Hands clasped between his knees, the songster watched his feathery brethren at work and smiled ingenuously. "I really don't. As you know, the Master was always fond of my singing. He used to try to teach me his favorite songs, but I preferred my own. My kind is very good at piling variation on top of variation. Stuck inside the tree, I found myself wondering what could get us out. A human would have thought about a drill, or a saw. A dog, maybe, about digging, and a snake about wriggling out a crack or a hole." He looked away shyly.
"Me, I thought about pecking. But canaries aren't very well equipped for that sort of work, and humans even less so. So I wondered who would be good at it, and what kind of song might bring them to help us." He gestured at the hollow in which woodpeckers swarmed like ants, battering at the kauri heartwood with their beaks. "And here they are."
Oskar's brows creased. "But how could they hear you singing through all that wood, and so many, from so far away?"
Once again the songster could only shrug. "To know that, you would have to ask Master Evyndd. But each of us has been given a little magic that is part and parcel of ourselves. What more natural than that my singing should be similarly so fortified?"
"I wish Evyndd had been more explicit, instead of leaving us to find these things out for ourselves."
Taj flicked wood dust from his boots. "Perhaps he felt it would have frightened us to learn of such abilities before we had spent time getting used to our human forms. Perhaps he feared that, inexperienced and clumsy as we are, we might have done more damage knowing about them than not. Again, you would have to ask him."
"I wish I could." Rising to his feet, Oskar brushed at his pants and peered down into the cavity. Cezer was almost free, while Samm's bulkier frame would require a bit more effort on the part of the diligent birds. "I wish he was here now, to guide us and help us, instead of leaving us to stumble onward by ourselves, suffering and learning as we go."

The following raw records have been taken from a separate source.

(* Let $G$ be a network with three sources and three terminals containing no vertex of type $(3,3)$, $(2,3)$ or $(3,2)$, and let $\mathbb{F}$ be a finite field. For each color $c=(s_a,s_b,t_c,t_d)$ occurring among the $(2,2)$ vertices of $G$, let $f_c:\mathbb{F}^2\to\mathbb{F}$ be an arbitrary function. Then there exists a single network code on $G$ such that, for every such color $c$, every vertex of type $(2,2)$ and color $c$ can compute $f_c(X_a,X_b)$ from the symbols on its incoming edges.
   Context: A network is a finite directed acyclic graph $G=(V,E)$ (parallel edges allowed), every edge of unit capacity carrying one symbol of a finite field $\mathbb{F}$, with three sources $s_1,s_2,s_3$ (no incoming edges; $s_i$ holds $X_i\in\mathbb{F}$) and three terminals $t_1,t_2,t_3$ (no outgoing edges). A network code assigns to each edge leaving a source a function of its symbol, and to each edge leaving a non-source vertex $v$ a function of the symbols on edges entering $v$. For $v\in V$, $c_s(v)$ is the number of sources with a directed path to $v$ and $c_t(v)$ the number of terminals reachable from $v$ (a vertex reaches itself); $(c_s(v),c_t(v))$ is the type of $v$. For $v$ of type $(2,2)$, its color $\mathrm{col}(v)=(s_a,s_b,t_c,t_d)$ lists the two sources reaching $v$ and the two terminals reachable from $v$. *)

theory Defs
  imports "Graph_Theory.Digraph" "HOL-Library.FuncSet"
begin

definition network :: "('v,'e) pre_digraph \<Rightarrow> (nat \<Rightarrow> 'v) \<Rightarrow> (nat \<Rightarrow> 'v) \<Rightarrow> bool" where
  "network G s t \<longleftrightarrow>
     fin_digraph G \<and>
     (\<forall>v\<in>verts G. \<not> (v \<rightarrow>\<^sup>+\<^bsub>G\<^esub> v)) \<and>
     inj_on s {1,2,3} \<and> inj_on t {1,2,3} \<and>
     s ` {1,2,3} \<subseteq> verts G \<and> t ` {1,2,3} \<subseteq> verts G \<and>
     (\<forall>i\<in>{1,2,3}. in_arcs G (s i) = {}) \<and>
     (\<forall>j\<in>{1,2,3}. out_arcs G (t j) = {})"

definition src_set :: "('v,'e) pre_digraph \<Rightarrow> (nat \<Rightarrow> 'v) \<Rightarrow> 'v \<Rightarrow> nat set" where
  "src_set G s v = {i \<in> {1,2,3}. s i \<rightarrow>\<^sup>*\<^bsub>G\<^esub> v}"

definition term_set :: "('v,'e) pre_digraph \<Rightarrow> (nat \<Rightarrow> 'v) \<Rightarrow> 'v \<Rightarrow> nat set" where
  "term_set G t v = {j \<in> {1,2,3}. v \<rightarrow>\<^sup>*\<^bsub>G\<^esub> t j}"

definition c_s :: "('v,'e) pre_digraph \<Rightarrow> (nat \<Rightarrow> 'v) \<Rightarrow> 'v \<Rightarrow> nat" where
  "c_s G s v = card (src_set G s v)"

definition c_t :: "('v,'e) pre_digraph \<Rightarrow> (nat \<Rightarrow> 'v) \<Rightarrow> 'v \<Rightarrow> nat" where
  "c_t G t v = card (term_set G t v)"

definition vtype :: "('v,'e) pre_digraph \<Rightarrow> (nat \<Rightarrow> 'v) \<Rightarrow> (nat \<Rightarrow> 'v) \<Rightarrow> 'v \<Rightarrow> nat \<times> nat" where
  "vtype G s t v = (c_s G s v, c_t G t v)"

text \<open>Color of a (2,2) vertex: (a,b,c,d) with sources s a, s b (a < b) reaching v and
  terminals t c, t d (c < d) reachable from v.\<close>
definition col :: "('v,'e) pre_digraph \<Rightarrow> (nat \<Rightarrow> 'v) \<Rightarrow> (nat \<Rightarrow> 'v) \<Rightarrow> 'v \<Rightarrow> nat \<times> nat \<times> nat \<times> nat" where
  "col G s t v = (Min (src_set G s v), Max (src_set G s v), Min (term_set G t v), Max (term_set G t v))"
section \<open>The non-backtracking walk\<close>

locale nonbacktracking_walk = group +
  fixes n :: nat and xg :: "nat \<Rightarrow> 'a" and \<alpha> :: "int \<Rightarrow> int \<Rightarrow> real" and \<beta> :: "int \<Rightarrow> real"
  assumes finite_carrier: "finite (carrier G)"
    and two_le_n: "n \<ge> 2"
    and xg_closed: "\<And>i. i \<in> {1..n} \<Longrightarrow> xg i \<in> carrier G"
    and generates: "generate G (xg ` {1..n}) = carrier G"
    and \<alpha>_pos: "\<And>e' e. e' \<in> sidx n \<Longrightarrow> e \<in> sidx n \<Longrightarrow> e \<noteq> - e' \<Longrightarrow> \<alpha> e' e > 0"
    and \<alpha>_sum: "\<And>e'. e' \<in> sidx n \<Longrightarrow> (\<Sum>e\<in>sidx n - {- e'}. \<alpha> e' e) = 1"
    and \<beta>_pos: "\<And>e. e \<in> sidx n \<Longrightarrow> \<beta> e > 0"
    and \<beta>_sum: "(\<Sum>e\<in>sidx n. \<beta> e) = 1"
begin

abbreviation "\<Omega> \<equiv> nbw_states G n"
abbreviation "Pt \<equiv> nbw_trans G n xg \<alpha>"
abbreviation "Pw \<equiv> nbw_trans_pow G n xg \<alpha>"
abbreviation "gn \<equiv> nbw_gen G xg"
abbreviation "sum_law \<equiv> nbw_sum_dist G n xg \<alpha> \<beta>"

lemma finite_sidx: "finite (sidx n)"
  by (rule finite_subset[of _ "{- int n..int n}"]) (auto simp: sidx_def)

lemma finite_\<Omega>: "finite \<Omega>"
  unfolding nbw_states_def using finite_carrier finite_sidx by simp

lemma mem_\<Omega> [simp]: "(g, e) \<in> \<Omega> \<longleftrightarrow> g \<in> carrier G \<and> e \<in> sidx n"
  unfolding nbw_states_def by simp

lemma sidx_uminus: "e \<in> sidx n \<Longrightarrow> - e \<in> sidx n"
  unfolding sidx_def by auto

lemma sidx_nonzero: "e \<in> sidx n \<Longrightarrow> e \<noteq> 0"
  unfolding sidx_def by auto

lemma sidx_of_nat: "k \<in> {1..n} \<Longrightarrow> int k \<in> sidx n"
  unfolding sidx_def by auto

lemma one_in_sidx: "1 \<in> sidx n" and minus_one_in_sidx: "- 1 \<in> sidx n"
  using two_le_n unfolding sidx_def by auto

lemma xg_nat_closed: "e \<in> sidx n \<Longrightarrow> xg (nat \<bar>e\<bar>) \<in> carrier G"
  unfolding sidx_def by (intro xg_closed) auto
lemma overlap_of_two_operations:
  assumes app: "applicable p u" "applicable q u" and disj: "modified p \<inter> modified q = {}"
    and hg: "h \<in> modified p" "g \<in> modified q" "h < g"
    and occ: "occurs_at f a (flip (modified p) u)" "occurs_at f b (flip (modified q) u)"
    and windows: "a \<le> h" "g < a + length f" "b \<le> h" "g < b + length f"
  shows "\<exists>l. overlap_type_S f l \<or> tilde_error_overlap 2 f l"
proof -
  define x where "x = flip (modified p) u"
  define y where "y = flip (modified q) u"
  have "g < length u"
    using occ(1) windows by (simp add: occurs_at_def)
  then have mis: "x ! h \<noteq> y ! h" "x ! g \<noteq> y ! g"
    using hg disj by (auto simp: x_def y_def)
  have "a \<noteq> b"
    using occurs_at_nth[OF occ(1), of "h - a"] occurs_at_nth[OF occ(2), of "h - b"] windows hg(3) mis(1)
    by (auto simp: x_def y_def)
  have len: "length y = length x"
    by (simp add: x_def y_def)
  have dist: "dist_tilde y x \<le> 2" "dist_tilde x y \<le> 2"
    using dist_tilde_flip_pair_le app disj by (auto simp: x_def y_def Int_commute)
  from \<open>a \<noteq> b\<close> consider "a < b" | "b < a"
    by linarith
  then show ?thesis
  proof cases
    case 1
    have "overlap_type_S f (a + length f - b) \<or> tilde_error_overlap 2 f (a + length f - b)"
      using occ[folded x_def y_def] len 1 windows(3) hg(3) windows(2) mis dist(1)
      by (rule overlap_of_shifted_occurrences)
    then show ?thesis
      by blast
  next
    case 2
    have "overlap_type_S f (b + length f - a) \<or> tilde_error_overlap 2 f (b + length f - a)"
      using occ(2,1)[folded x_def y_def] len[symmetric] 2 windows(1) hg(3) windows(4)
        mis[symmetric] dist(2)
      by (rule overlap_of_shifted_occurrences)
    then show ?thesis
      by blast
  qed
qed

section \<open>Two operations inside two windows\<close>

fun leftmost :: "op \<Rightarrow> nat" where
  "leftmost (R i) = i"
| "leftmost (S i) = i"
lemma b_pos: "i < s \<Longrightarrow> b i > 0"
  using b_ge_2[of i] by simp

lemma tau_pos:
  assumes i: "i < s"
  shows "tau s b i \<ge> 1"
proof -
  define B where "B = Bhat s b i"
  have B_eq: "B = (\<Prod>j\<in>{..<s} - {i}. b j)"
    using i b_pos by (simp add: B_def Bhat_def prod.remove[of "{..<s}" i])
  define j where "j = (if i = 0 then 1 else 0 :: nat)"
  have j: "j \<in> {..<s} - {i}"
    using s_ge_2 by (auto simp: j_def)
  have "B > 0"
    unfolding B_eq using b_pos by (intro prod_pos) auto
  then have "b j \<le> B"
    using j unfolding B_eq by (intro dvd_imp_le dvd_prodI) auto
  then have "B \<ge> 2"
    using b_ge_2[of j] j by simp
  moreover have "coprime (b i) B"
    unfolding B_eq using coprime_b i by (intro prod_coprime_right) auto
  ultimately have "1 \<le> totient B \<and> totient B < B \<and> [b i ^ totient B = 1] (mod B)"
    using euler_theorem[of "b i" B] by (simp add: totient_less Suc_le_eq)
  then show ?thesis
    unfolding tau_def B_def[symmetric] by (rule LeastI2_ex[OF exI]) simp
qed

lemma tau_k_pos:
  assumes "k \<in> {..<s} \<rightarrow>\<^sub>E {1..m}" "i < s"
  shows "tau_k s b k i > 0"
  using assms tau_pos[of i] by (auto simp: tau_k_def PiE_iff Suc_le_eq)

lemma Acoef_bounds: "0 \<le> Acoef s b M k" "Acoef s b M k < int (Bvec s b (tau_k s b k))"
  using Bvec_pos[of s b, OF b_pos] by (simp_all add: Acoef_def Let_def)

lemma Acoef_cong:
  assumes k: "k \<in> {..<s} \<rightarrow>\<^sub>E {1..m}" and i: "i < s"
  shows "[Acoef s b M k = - (int (b i) ^ (tau_k s b k i - 1))] (mod int (b i ^ tau_k s b k i))"
proof -
  define r where "r = tau_k s b k"
  have rpos: "\<forall>l<s. r l > 0"
    using tau_k_pos[OF k] by (simp add: r_def)
  have div_base: "Bvec s b r div b l = Bvec s b r div b l ^ r l * b l ^ (r l - 1)" if "l < s" for l
    using Bvec_div_pow[where b = b and r = r and d = 1, OF that b_pos[OF that]]
      Bvec_div_pow[where b = b and r = r and d = "r l", OF that b_pos[OF that]] rpos that
    by (simp add: Suc_le_eq mult.commute)
  have "[Acoef s b M k = - (\<Sum>l<s. M l r * int (Bvec s b r div b l))] (mod int (b i ^ r i))"
    unfolding Acoef_def Let_def r_def[symmetric] by (rule mod_Bvec_cong[OF i])
  also have "(\<Sum>l<s. M l r * int (Bvec s b r div b l)) =
      (\<Sum>l<s. M l r * int (Bvec s b r div b l ^ r l) * int (b l) ^ (r l - 1))"
    by (rule sum.cong) (simp_all add: div_base)
  also have "[- \<dots> = - (int (b i) ^ (r i - 1))] (mod int (b i ^ r i))"
    using M_inverse[OF rpos i] i
    by (intro cong_minus_minus_iff[THEN iffD2] sum_Bvec_inverse_cong b_pos)
  finally show ?thesis
    unfolding r_def .
qed

lemma ytil_cong:
  assumes i: "i < s" and k: "k \<le> m + 1"
  shows "[ytil s b M m = geom_code (b i) (tau s b i) k] (mod b i ^ (k * tau s b i))"
proof -
  define r where "r = tau_l s b (m + 1)"
  define S where "S l = (\<Sum>j=1..m+1. int (b l) ^ (j * tau s b l - 1))" for l
  define X where "X = (\<Sum>l<s. M l r * int (Bvec s b r div b l ^ r l) * S l)"
  have "int (ytil s b M m) = X mod int (Bvec s b r)"
    using Bvec_pos[of s b r, OF b_pos] by (simp add: ytil_def r_def S_def X_def Let_def)
  then have "[int (ytil s b M m) = X] (mod int (b i ^ r i))"
    using mod_Bvec_cong[OF i] by simp
  moreover have "[X = S i] (mod int (b i ^ r i))"
  proof -
    have "\<forall>j<s. 0 < r j"
      using tau_pos by (simp add: r_def tau_l_def Suc_le_eq)
    then show ?thesis
      unfolding X_def using M_inverse i by (intro sum_Bvec_inverse_cong b_pos) auto
  qed
  moreover have "S i = int (geom_code (b i) (tau s b i) (m + 1))"
    unfolding S_def geom_code_def of_nat_sum of_nat_power
    using sum.atLeast1_atMost_eq[of "\<lambda>j. int (b i) ^ (j * tau s b i - 1)" "m + 1"] by simp
  ultimately have "[int (ytil s b M m) = int (geom_code (b i) (tau s b i) (m + 1))] (mod int (b i ^ r i))"
    by (metis cong_trans)
  then have "[ytil s b M m = geom_code (b i) (tau s b i) (m + 1)] (mod b i ^ r i)"
    by (simp only: cong_int_iff)
  moreover have "k * tau s b i \<le> (m + 1) * tau s b i"
    using k by (rule mult_le_mono1)
  then have "b i ^ (k * tau s b i) dvd b i ^ r i"
    unfolding r_def tau_l_def by (simp add: le_imp_power_dvd mult.commute)
  ultimately have "[ytil s b M m = geom_code (b i) (tau s b i) (m + 1)] (mod b i ^ (k * tau s b i))"
    by (rule cong_dvd_modulus_nat)
  also have "[geom_code (b i) (tau s b i) (m + 1) = geom_code (b i) (tau s b i) k] (mod b i ^ (k * tau s b i))"
    using tau_pos[OF i] k by (rule geom_code_cong)
  finally show ?thesis .
qed

text \<open>\<open>ytil\<close> reduces to the code of \<open>y\<^sub>i\<close> truncated after \<open>k\<^sub>i\<close> blocks, and \<open>A\<^sub>k\<close>
  removes the last digit 1 of that code.\<close>

lemma ytil_add_Acoef_mod:
  assumes k: "k \<in> {..<s} \<rightarrow>\<^sub>E {1..m}" and i: "i < s"
  shows "(ytil s b M m + nat (Acoef s b M k)) mod b i ^ (tau s b i * k i) =
    geom_code (b i) (tau s b i) (k i - 1)"
proof -
  define t where "t = tau s b i"
  have ki: "1 \<le> k i" "k i \<le> m"
    using k i by (auto simp: PiE_iff)
  have "[ytil s b M m = geom_code (b i) t (k i)] (mod b i ^ (t * k i))"
    using ytil_cong[OF i, of "k i" m] ki by (simp add: t_def mult.commute)
  then have "[int (ytil s b M m) = int (geom_code (b i) t (k i - 1)) + int (b i) ^ (t * k i - 1)]
      (mod int (b i ^ (t * k i)))"
    using geom_code_pred[OF ki(1), of "b i" t] by (simp flip: cong_int_iff)
  moreover have "[Acoef s b M k = - (int (b i) ^ (t * k i - 1))] (mod int (b i ^ (t * k i)))"
    using Acoef_cong[OF k i] by (simp add: t_def tau_k_def)
  ultimately have "[int (ytil s b M m) + Acoef s b M k = int (geom_code (b i) t (k i - 1))]
      (mod int (b i ^ (t * k i)))"
    using cong_add by fastforce
  then have "[ytil s b M m + nat (Acoef s b M k) = geom_code (b i) t (k i - 1)] (mod b i ^ (t * k i))"
    using Acoef_bounds(1) by (simp flip: cong_int_iff)
  moreover have "geom_code (b i) t (k i - 1) < b i ^ (t * k i)"
  proof -
    have "geom_code (b i) t (k i - 1) < b i ^ ((k i - 1) * t)"
      using b_ge_2[OF i] tau_pos[OF i] by (simp add: t_def geom_code_less)
    also have "\<dots> \<le> b i ^ (t * k i)"
      using b_ge_2[OF i] by (intro power_increasing) (auto simp: algebra_simps)
    finally show ?thesis .
  qed
  ultimately show ?thesis
    by (simp add: cong_def t_def)
qed

lemma mod_Bvec_tau_k_eq_iff:
  assumes k: "k \<in> {..<s} \<rightarrow>\<^sub>E {1..m}"
  shows "n mod Bvec s b (tau_k s b k) = (ytil s b M m + nat (Acoef s b M k)) mod Bvec s b (tau_k s b k) \<longleftrightarrow>
    (\<forall>i<s. n mod b i ^ (tau s b i * k i) = geom_code (b i) (tau s b i) (k i - 1))"
proof -
  have "[n = ytil s b M m + nat (Acoef s b M k)] (mod Bvec s b (tau_k s b k)) \<longleftrightarrow>
      (\<forall>i\<in>{..<s}. [n = ytil s b M m + nat (Acoef s b M k)] (mod b i ^ (tau s b i * k i)))"
    unfolding Bvec_def tau_k_def using coprime_b by (intro cong_prod_coprime_iff) auto
  moreover have "[n = ytil s b M m + nat (Acoef s b M k)] (mod b i ^ (tau s b i * k i)) \<longleftrightarrow>
      n mod b i ^ (tau s b i * k i) = geom_code (b i) (tau s b i) (k i - 1)" if "i < s" for i
    using ytil_add_Acoef_mod[OF k that] by (simp add: cong_def)
  ultimately show ?thesis
    unfolding cong_def[of n] by auto
qed

lemma indicator_halton_box:
  "(if \<forall>i<s. 0 \<le> halton b n i \<and> halton b n i < ypt s b m i then 1 else 0 :: real) =
    (\<Sum>k\<in>{..<s} \<rightarrow>\<^sub>E {1..m}. if n mod Bvec s b (tau_k s b k) =
      (ytil s b M m + nat (Acoef s b M k)) mod Bvec s b (tau_k s b k) then 1 else 0)"
proof -
  define g where "g i k = (if n mod b i ^ (tau s b i * k) = geom_code (b i) (tau s b i) (k - 1)
    then 1 else 0 :: real)" for i k
  have one_dim: "(if radinv (b i) n < ypt s b m i then 1 else 0 :: real) = (\<Sum>k\<in>{1..m}. g i k)"
    if "i < s" for i
    unfolding ypt_eq_geom_point indicator_radinv_less_geom_point[OF b_ge_2[OF that] tau_pos[OF that]]
    using sum.atLeast1_atMost_eq[of "g i" m] by (simp add: g_def mult.commute)
  have "(if \<forall>i<s. 0 \<le> halton b n i \<and> halton b n i < ypt s b m i then 1 else 0 :: real) =
      (\<Prod>i<s. \<Sum>k\<in>{1..m}. g i k)"
    unfolding indicator_all_eq_prod halton_def using radinv_nonneg one_dim by simp
  also have "\<dots> = (\<Sum>k\<in>{..<s} \<rightarrow>\<^sub>E {1..m}. \<Prod>i<s. g i (k i))"
    by (rule prod_sum_PiE) auto
  also have "\<dots> = (\<Sum>k\<in>{..<s} \<rightarrow>\<^sub>E {1..m}. if n mod Bvec s b (tau_k s b k) =
      (ytil s b M m + nat (Acoef s b M k)) mod Bvec s b (tau_k s b k) then 1 else 0)"
    unfolding g_def indicator_all_eq_prod[symmetric]
    using mod_Bvec_tau_k_eq_iff by (intro sum.cong) auto
  finally show ?thesis .
qed

lemma discr_ypt_eq_sum:
  "discr s b (ypt s b m) a N = (\<Sum>k\<in>{..<s} \<rightarrow>\<^sub>E {1..m}. \<Sum>n\<in>{a..<a + N}.
    (if n mod Bvec s b (tau_k s b k) = (ytil s b M m + nat (Acoef s b M k)) mod Bvec s b (tau_k s b k)
     then 1 else 0) - 1 / real (Bvec s b (tau_k s b k)))"
  unfolding discr_def indicator_halton_box prod_ypt_eq_sum
  by (simp only: sum_subtractf[symmetric]) (rule sum.swap)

Taj's tone was unusually contemplative for the normally high-strung singer. "I imagine that the suffering is a component of the learning."
Oskar grunted. "That sounds like something a sorcerer would say. Don't let Cezer hear you say that. Our excitable swordsman is of a different opinion."
"And at the moment, of mouth." Looking down, rhythmically tapping the side of the wood depression with the heels of his boots, Taj could not repress a grin. "It's full of wood dust."